I tried the first three installments -- a netflix diskful of episodes -- of House of Cards. I plan to watch a few more, but I'm deep into negative enthusiasm, not at all sure that I'm going to continue. Cards certainly grabs you, and it's startling and theatrical, but it's also far too cynical and depraved for my rose-colored tastes. I just don't believe in it. I know that it's all the rage to assume that politicians are horrid and power-obsessed -- but every one of them, all the time, without a moment of relaxation or redemption? And so I'm skeptical of every character, every twist in the plot, every nasty turn of phrase. And because I'm skeptical, I just can't, as they say, "get into it." Or at least, not all the way in. (Full disclosure: during episode three I fell into a 'deep rest,' sometimes denominated a minor nap.)
The character who dominates House of Cards is Kevin Spacey's Frank Underbelly -- I mean Underwood -- who is fascinating but not credible. Or rather, he is not designed to be credible, because he regularly violates the fourth wall and converses intimately with viewers. Underwood is ruthless, implacable, ambitious, vengeful, depraved, vicious, malignant, and amusing. He turns his audience into his co-conspirators.
And where have we seen this curious concatenation of traits before? Think back, fit audience though few, to your college class in the History of English Drama. There you encountered the vice and his crossbred friend, the machiavel,who were ubiquitous in medieval drama. Shakespeare brought this semi-supernatural hybrid to perfection two separate times -- once in the person of Richard of Gloucester in Richard III and then again as Iago in Othello.
Richard of Gloucester winks to his audience that he "can smile, and murder whiles I smile,/And cry 'Content' to that which grieves my heart, /And wet my cheeks with artificial tears,/ And frame my face to all occasions." Now if that isn't Frank Underhill to a T, first spotted killing a puppy and a few scenes later baldly and straightfacedly lying to his President. Richard can "set the murderous Machiavel to school" in order to gain a crown; our unFrank friend Frank once wanted to be secretary of state, but now he just wants revenge. Richard and Iago are capable not only of falsity but even of murder to get what they want. Both of them kill their own wives. "I'll have her, but I wlll not keep her long," says Richard of Queen Anne.

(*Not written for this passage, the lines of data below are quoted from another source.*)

(* Let $\beta_\bullet\in\{\beta,\beta_v\}$, with $\rightsquigarrow_U$ the unbiased iteration of surface reduction and $\rightsquigarrow_{pd}$ its parallel version (as in the context). Then: 1. if $M\rightsquigarrow_{pd}N$ then $M\rightsquigarrow_U^*N$; consequently $M\rightsquigarrow_{pd}^*N$ implies $M\rightsquigarrow_U^*N$; 2. if $M\rightsquigarrow_U^*N$ then there exists $N'$ such that $M\rightsquigarrow_{pd}^*N'$ and $N\rightsquigarrow_U^*N'$.
   Context: Terms $\Lambda_{\mathcal O}$: $M::=x\mid\lambda x.M\mid MM\mid\mathsf{op}(M,\dots,M)$ with $\mathsf{op}$ in a (possibly empty) set $\mathcal O$ of operator symbols with fixed arities; values $V::=x\mid\lambda x.M$. Rules $(\lambda x.M)N\mapsto_\beta M\{N/x\}$, $(\lambda x.M)V\mapsto_{\beta_v}M\{V/x\}$; $\to=\to_{\beta_\bullet}$ is the closure under all contexts. Surface reduction $\to_s$: for $\beta$, closure of $\beta$ under head contexts $H::=[\,]\mid\lambda x.H\mid HM$; for $\beta_v$, closure of $\beta_v$ under weak contexts $W::=[\,]\mid WM\mid MW$. $\rightsquigarrow_U$: if $M\to_sM'$ then $M\rightsquigarrow_UM'$; if $M$ is $\to_s$-normal: $\lambda x.P\rightsquigarrow_U\lambda x.P'$ if $P\rightsquigarrow_UP'$; $PQ\rightsquigarrow_UP'Q$ if $P\rightsquigarrow_UP'$; $PQ\rightsquigarrow_UPQ'$ if $Q\rightsquigarrow_UQ'$; $\mathsf{op}(\dots,P_i,\dots)\rightsquigarrow_U\mathsf{op}(\dots,P_i',\dots)$ if $P_i\rightsquigarrow_UP_i'$. Parallel reduction $\rightsquigarrow_{pd}$: (1) if $M\to_sM'$ then $M\rightsquigarrow_{pd}M'$; (2) if $M$ is $\to$-normal then $M\rightsquigarrow_{pd}M$; (3) otherwise (M is $\to_s$-normal but not $\to$-normal): $\lambda x.P\rightsquigarrow_{pd}\lambda x.P'$ if $P\rightsquigarrow_{pd}P'$; $P_1P_2\rightsquigarrow_{pd}P_1'P_2'$ if $P_1\rightsquigarrow_{pd}P_1'$ and $P_2\rightsquigarrow_{pd}P_2'$; $\mathsf{op}(P_1,\dots,P_k)\rightsquigarrow_{pd}\mathsf{op}(P_1',\dots,P_k')$ if $P_i\rightsquigarrow_{pd}P_i'$ for all $1\le i\le k$. *)

theory Defs
  imports Main
begin

datatype 'op trm = Var nat | Lam "'op trm" | App "'op trm" "'op trm" | Op 'op "'op trm list"

fun wf_trm :: "'op set \<Rightarrow> ('op \<Rightarrow> nat) \<Rightarrow> 'op trm \<Rightarrow> bool" where
  "wf_trm Ops ar (Var i) = True"
| "wf_trm Ops ar (Lam t) = wf_trm Ops ar t"
| "wf_trm Ops ar (App s t) = (wf_trm Ops ar s \<and> wf_trm Ops ar t)"
| "wf_trm Ops ar (Op f ts) = (f \<in> Ops \<and> length ts = ar f \<and> (\<forall>t\<in>set ts. wf_trm Ops ar t))"

fun lift :: "nat \<Rightarrow> 'op trm \<Rightarrow> 'op trm" where
  "lift k (Var i) = (if i < k then Var i else Var (Suc i))"
| "lift k (Lam t) = Lam (lift (Suc k) t)"
| "lift k (App s t) = App (lift k s) (lift k t)"
| "lift k (Op f ts) = Op f (map (lift k) ts)"

fun subst :: "'op trm \<Rightarrow> nat \<Rightarrow> 'op trm \<Rightarrow> 'op trm" where
  "subst (Var i) k s = (if k < i then Var (i - 1) else if i = k then s else Var i)"
| "subst (Lam t) k s = Lam (subst t (Suc k) (lift 0 s))"
| "subst (App t u) k s = App (subst t k s) (subst u k s)"
| "subst (Op f ts) k s = Op f (map (\<lambda>t. subst t k s) ts)"

fun is_val :: "'op trm \<Rightarrow> bool" where
  "is_val (Var _) = True"
| "is_val (Lam _) = True"
| "is_val _ = False"

text \<open>The two calculi: CbN is beta, CbV is beta_v.\<close>
datatype calc = CbN | CbV

inductive root :: "calc \<Rightarrow> 'op trm \<Rightarrow> 'op trm \<Rightarrow> bool" for c where
  beta: "c = CbN \<Longrightarrow> root c (App (Lam M) N) (subst M 0 N)"
| betav: "c = CbV \<Longrightarrow> is_val V \<Longrightarrow> root c (App (Lam M) V) (subst M 0 V)"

And therefore If I were to offer advice to Zoe Barnes, the reckless young reporter for the Washington Herald, I would suggest that she steer mighty clear of Frank Underwood. I would tell her to read Othello post-post-haste and take careful note of what happens to Desdemona's lady-in-waiting Emilia. Hint: "Fie, your knife upon a woman."
Zoe, please, please, get out of there while the going is good!
In Shakespeare's plays, Richard and Iago both overreach and come to grief. Richard is left to die on the battlefield and Iago is subjected to the rigors of Venetian justice ("Torture will ope his lips.") And that's what is supposed to happen to machiavels.
I'm curious as to what will happen to Frank Underhill. By rights he should be publicly humiliated and die a ghastly death. But inasmuch as we live in an exceedingly cynical age, we can guess that Frank will only die when Kevin Spacey is offered better work, or when ratings plunge, or when the series jumps its inherent shark.